▶ _EXERCISE BRIEF_:
Could the data below be copied out in full, word for word?

+++ TASK MATERIAL +++

(* In the two-cut setting of the context, let $v,z\in\mathbb C$ with $v\ne z$, $v,z$ not poles of $h$ and not in $\mathcal L$. Let $\Omega_k,\Omega^{\varepsilon}_k$ denote the integrals below with all $u_\alpha$-contours equal to $\Gamma(\mathcal L)$ (enclosing $\mathcal L$ but not $v$, $z$ or other poles of $h$), and let $\Omega^{(v)}_k,\Omega^{\varepsilon(v)}_k$ denote the same integrals with all $u_\alpha$-contours equal to a contour $\Gamma^{(v)}(\mathcal L)$ enclosing $\mathcal L\cup\{v\}$ but not $z$ or other poles of $h$. Then $$\Omega_r(v,z)=\Omega^{(v)}_r(v,z)+r(z-v)h(v)\,\Omega^{+1}_{r-1}(v,z),$$ $$\Omega^{-1}_{r+1}(v,z)=\Omega^{-1(v)}_{r+1}(v,z)+(r+1)\frac{h(v)}{z-v}\,\Omega_r(z,v).$$
   Context: Two-cut hexagon: integers $b,c,d\ge1$, $m_1,m_2,n_1,n_2\ge1$ with $m_1+m_2=n_1+n_2$, $N=b+c$, $r=b-d\ge0$, $\rho=n_1-m_1+b-d\ge0$, $\Sigma=m_1-n_1+c-d\ge0$. With $(a)_k=a(a+1)\cdots(a+k-1)$, $(a)_0=1$, and $x_1=m_1+m_2-1$, $x_{c+1}=n_1-c-1$, $x_{c+d}=n_1-c-d$, $x_{c+d+1}=-c-d-1$, $y_d=m_1-d$: $Q_{\mathcal L}(z)=(z-x_{c+d+1})_b$, $Q_{\mathcal R}(z)=(z-x_1)_c$, $P_\rho(z)=(z-x_{c+d}+1)_\rho$, $P_\Sigma(z)=(z-y_d+1)_\Sigma$, and $h(u)=\frac{Q_{\mathcal R}(u)}{P_\rho(u)P_\Sigma(u)Q_{\mathcal L}(u)}$. $\mathcal L=\{-d-N,\dots,-d-c-1\}$ is the root set of $Q_{\mathcal L}$. With $\Delta_k(u)=\prod_{i<j}(u_i-u_j)$ and contours $\Gamma$ for the $u_\alpha$: $\Omega_k(v,z)=\bigl(\prod_{\alpha=1}^k\oint_\Gamma\frac{du_\alpha h(u_\alpha)}{2\pi i}\frac{z-u_\alpha}{v-u_\alpha}\bigr)\Delta_k^2(u)$, $\Omega^{\varepsilon}_k(v,z)=\bigl(\prod_{\alpha=1}^k\oint_\Gamma\frac{du_\alpha h(u_\alpha)}{2\pi i}(v-u_\alpha)^\varepsilon(z-u_\alpha)^\varepsilon\bigr)\Delta_k^2(u)$ for $\varepsilon=\pm1$ (empty products and $\Delta_0$ equal $1$). *)

theory Defs
  imports "HOL-Complex_Analysis.Complex_Analysis"
begin

text \<open>Two-cut hexagon data. Parameters: b c d m1 m2 n1 (n2 only enters via m1+m2=n1+n2).\<close>

definition rho_tc :: "nat \<Rightarrow> nat \<Rightarrow> nat \<Rightarrow> nat \<Rightarrow> int" where
  "rho_tc b d m1 n1 = int n1 - int m1 + int b - int d"

definition Sigma_tc :: "nat \<Rightarrow> nat \<Rightarrow> nat \<Rightarrow> nat \<Rightarrow> int" where
  "Sigma_tc c d m1 n1 = int m1 - int n1 + int c - int d"

text \<open>Q_L(z) = (z - x_{c+d+1})_b with x_{c+d+1} = -c-d-1\<close>
definition QL :: "nat \<Rightarrow> nat \<Rightarrow> nat \<Rightarrow> complex \<Rightarrow> complex" where
  "QL b c d z = pochhammer (z - (- of_nat c - of_nat d - 1)) b"

text \<open>Q_R(z) = (z - x_1)_c with x_1 = m1+m2-1\<close>
definition QR :: "nat \<Rightarrow> nat \<Rightarrow> nat \<Rightarrow> complex \<Rightarrow> complex" where
  "QR c m1 m2 z = pochhammer (z - (of_nat m1 + of_nat m2 - 1)) c"

text \<open>P_rho(z) = (z - x_{c+d} + 1)_rho with x_{c+d} = n1-c-d\<close>
definition Prho :: "nat \<Rightarrow> nat \<Rightarrow> nat \<Rightarrow> nat \<Rightarrow> nat \<Rightarrow> complex \<Rightarrow> complex" where
  "Prho b c d m1 n1 z = pochhammer (z - (of_nat n1 - of_nat c - of_nat d) + 1) (nat (rho_tc b d m1 n1))"

text \<open>P_Sigma(z) = (z - y_d + 1)_Sigma with y_d = m1-d\<close>
definition PSigma :: "nat \<Rightarrow> nat \<Rightarrow> nat \<Rightarrow> nat \<Rightarrow> complex \<Rightarrow> complex" where
  "PSigma c d m1 n1 z = pochhammer (z - (of_nat m1 - of_nat d) + 1) (nat (Sigma_tc c d m1 n1))"

definition h_raw :: "nat \<Rightarrow> nat \<Rightarrow> nat \<Rightarrow> nat \<Rightarrow> nat \<Rightarrow> nat \<Rightarrow> complex \<Rightarrow> complex" where
  "h_raw b c d m1 m2 n1 u =
     QR c m1 m2 u / (Prho b c d m1 n1 u * PSigma c d m1 n1 u * QL b c d u)"

text \<open>h as a rational function: at zeros of the denominator (possibly cancelled
  by zeros of the numerator) take the limit, so h is the reduced rational function.\<close>
definition h_tc :: "nat \<Rightarrow> nat \<Rightarrow> nat \<Rightarrow> nat \<Rightarrow> nat \<Rightarrow> nat \<Rightarrow> complex \<Rightarrow> complex" where
  "h_tc b c d m1 m2 n1 u =
     (if Prho b c d m1 n1 u * PSigma c d m1 n1 u * QL b c d u \<noteq> 0
      then h_raw b c d m1 m2 n1 u
      else Lim (at u) (h_raw b c d m1 m2 n1))"

definition poles_tc :: "nat \<Rightarrow> nat \<Rightarrow> nat \<Rightarrow> nat \<Rightarrow> nat \<Rightarrow> nat \<Rightarrow> complex set" where
  "poles_tc b c d m1 m2 n1 = {u. is_pole (h_tc b c d m1 m2 n1) u}"

text \<open>L = {-d-N, ..., -d-c-1}, N = b+c.\<close>
definition L_tc :: "nat \<Rightarrow> nat \<Rightarrow> nat \<Rightarrow> complex set" where
  "L_tc b c d = {of_int k | k. - int d - int b - int c \<le> k \<and> k \<le> - int d - int c - 1}"

definition Delta :: "nat \<Rightarrow> (nat \<Rightarrow> complex) \<Rightarrow> complex" where
  "Delta k u = (\<Prod>i<k. \<Prod>j\<in>{i<..<k}. (u i - u j))"

fun iter_ci :: "(real \<Rightarrow> complex) \<Rightarrow> nat \<Rightarrow> ((nat \<Rightarrow> complex) \<Rightarrow> complex) \<Rightarrow> complex" where
  "iter_ci \<gamma> 0 F = F (\<lambda>_. 0)"
| "iter_ci \<gamma> (Suc k) F = contour_integral \<gamma> (\<lambda>w. iter_ci \<gamma> k (\<lambda>u. F (u(k := w))))"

+++

▶ _REPLY_:
(* In the two-cut setting of the context, let $v,z\in\mathbb C$ with $v\ne z$, $v,z$ not poles of $h$ and not in $\mathcal L$. Let $\Omega_k,\Omega^{\varepsilon}_k$ denote the integrals below with all $u_\alpha$-contours equal to $\Gamma(\mathcal L)$ (enclosing $\mathcal L$ but not $v$, $z$ or other poles of $h$), and let $\Omega^{(v)}_k,\Omega^{\varepsilon(v)}_k$ denote the same integrals with all $u_\alpha$-contours equal to a contour $\Gamma^{(v)}(\mathcal L)$ enclosing $\mathcal L\cup\{v\}$ but not $z$ or other poles of $h$. Then $$\Omega_r(v,z)=\Omega^{(v)}_r(v,z)+r(z-v)h(v)\,\Omega^{+1}_{r-1}(v,z),$$ $$\Omega^{-1}_{r+1}(v,z)=\Omega^{-1(v)}_{r+1}(v,z)+(r+1)\frac{h(v)}{z-v}\,\Omega_r(z,v).$$
   Context: Two-cut hexagon: integers $b,c,d\ge1$, $m_1,m_2,n_1,n_2\ge1$ with $m_1+m_2=n_1+n_2$, $N=b+c$, $r=b-d\ge0$, $\rho=n_1-m_1+b-d\ge0$, $\Sigma=m_1-n_1+c-d\ge0$. With $(a)_k=a(a+1)\cdots(a+k-1)$, $(a)_0=1$, and $x_1=m_1+m_2-1$, $x_{c+1}=n_1-c-1$, $x_{c+d}=n_1-c-d$, $x_{c+d+1}=-c-d-1$, $y_d=m_1-d$: $Q_{\mathcal L}(z)=(z-x_{c+d+1})_b$, $Q_{\mathcal R}(z)=(z-x_1)_c$, $P_\rho(z)=(z-x_{c+d}+1)_\rho$, $P_\Sigma(z)=(z-y_d+1)_\Sigma$, and $h(u)=\frac{Q_{\mathcal R}(u)}{P_\rho(u)P_\Sigma(u)Q_{\mathcal L}(u)}$. $\mathcal L=\{-d-N,\dots,-d-c-1\}$ is the root set of $Q_{\mathcal L}$. With $\Delta_k(u)=\prod_{i<j}(u_i-u_j)$ and contours $\Gamma$ for the $u_\alpha$: $\Omega_k(v,z)=\bigl(\prod_{\alpha=1}^k\oint_\Gamma\frac{du_\alpha h(u_\alpha)}{2\pi i}\frac{z-u_\alpha}{v-u_\alpha}\bigr)\Delta_k^2(u)$, $\Omega^{\varepsilon}_k(v,z)=\bigl(\prod_{\alpha=1}^k\oint_\Gamma\frac{du_\alpha h(u_\alpha)}{2\pi i}(v-u_\alpha)^\varepsilon(z-u_\alpha)^\varepsilon\bigr)\Delta_k^2(u)$ for $\varepsilon=\pm1$ (empty products and $\Delta_0$ equal $1$). *)

theory Defs
  imports "HOL-Complex_Analysis.Complex_Analysis"
begin

text \<open>Two-cut hexagon data. Parameters: b c d m1 m2 n1 (n2 only enters via m1+m2=n1+n2).\<close>

definition rho_tc :: "nat \<Rightarrow> nat \<Rightarrow> nat \<Rightarrow> nat \<Rightarrow> int" where
  "rho_tc b d m1 n1 = int n1 - int m1 + int b - int d"

definition Sigma_tc :: "nat \<Rightarrow> nat \<Rightarrow> nat \<Rightarrow> nat \<Rightarrow> int" where
  "Sigma_tc c d m1 n1 = int m1 - int n1 + int c - int d"

text \<open>Q_L(z) = (z - x_{c+d+1})_b with x_{c+d+1} = -c-d-1\<close>
definition QL :: "nat \<Rightarrow> nat \<Rightarrow> nat \<Rightarrow> complex \<Rightarrow> complex" where
  "QL b c d z = pochhammer (z - (- of_nat c - of_nat d - 1)) b"

text \<open>Q_R(z) = (z - x_1)_c with x_1 = m1+m2-1\<close>
definition QR :: "nat \<Rightarrow> nat \<Rightarrow> nat \<Rightarrow> complex \<Rightarrow> complex" where
  "QR c m1 m2 z = pochhammer (z - (of_nat m1 + of_nat m2 - 1)) c"

text \<open>P_rho(z) = (z - x_{c+d} + 1)_rho with x_{c+d} = n1-c-d\<close>
definition Prho :: "nat \<Rightarrow> nat \<Rightarrow> nat \<Rightarrow> nat \<Rightarrow> nat \<Rightarrow> complex \<Rightarrow> complex" where
  "Prho b c d m1 n1 z = pochhammer (z - (of_nat n1 - of_nat c - of_nat d) + 1) (nat (rho_tc b d m1 n1))"

text \<open>P_Sigma(z) = (z - y_d + 1)_Sigma with y_d = m1-d\<close>
definition PSigma :: "nat \<Rightarrow> nat \<Rightarrow> nat \<Rightarrow> nat \<Rightarrow> complex \<Rightarrow> complex" where
  "PSigma c d m1 n1 z = pochhammer (z - (of_nat m1 - of_nat d) + 1) (nat (Sigma_tc c d m1 n1))"

definition h_raw :: "nat \<Rightarrow> nat \<Rightarrow> nat \<Rightarrow> nat \<Rightarrow> nat \<Rightarrow> nat \<Rightarrow> complex \<Rightarrow> complex" where
  "h_raw b c d m1 m2 n1 u =
     QR c m1 m2 u / (Prho b c d m1 n1 u * PSigma c d m1 n1 u * QL b c d u)"

text \<open>h as a rational function: at zeros of the denominator (possibly cancelled
  by zeros of the numerator) take the limit, so h is the reduced rational function.\<close>
definition h_tc :: "nat \<Rightarrow> nat \<Rightarrow> nat \<Rightarrow> nat \<Rightarrow> nat \<Rightarrow> nat \<Rightarrow> complex \<Rightarrow> complex" where
  "h_tc b c d m1 m2 n1 u =
     (if Prho b c d m1 n1 u * PSigma c d m1 n1 u * QL b c d u \<noteq> 0
      then h_raw b c d m1 m2 n1 u
      else Lim (at u) (h_raw b c d m1 m2 n1))"

definition poles_tc :: "nat \<Rightarrow> nat \<Rightarrow> nat \<Rightarrow> nat \<Rightarrow> nat \<Rightarrow> nat \<Rightarrow> complex set" where
  "poles_tc b c d m1 m2 n1 = {u. is_pole (h_tc b c d m1 m2 n1) u}"

text \<open>L = {-d-N, ..., -d-c-1}, N = b+c.\<close>
definition L_tc :: "nat \<Rightarrow> nat \<Rightarrow> nat \<Rightarrow> complex set" where
  "L_tc b c d = {of_int k | k. - int d - int b - int c \<le> k \<and> k \<le> - int d - int c - 1}"

definition Delta :: "nat \<Rightarrow> (nat \<Rightarrow> complex) \<Rightarrow> complex" where
  "Delta k u = (\<Prod>i<k. \<Prod>j\<in>{i<..<k}. (u i - u j))"

fun iter_ci :: "(real \<Rightarrow> complex) \<Rightarrow> nat \<Rightarrow> ((nat \<Rightarrow> complex) \<Rightarrow> complex) \<Rightarrow> complex" where
  "iter_ci \<gamma> 0 F = F (\<lambda>_. 0)"
| "iter_ci \<gamma> (Suc k) F = contour_integral \<gamma> (\<lambda>w. iter_ci \<gamma> k (\<lambda>u. F (u(k := w))))"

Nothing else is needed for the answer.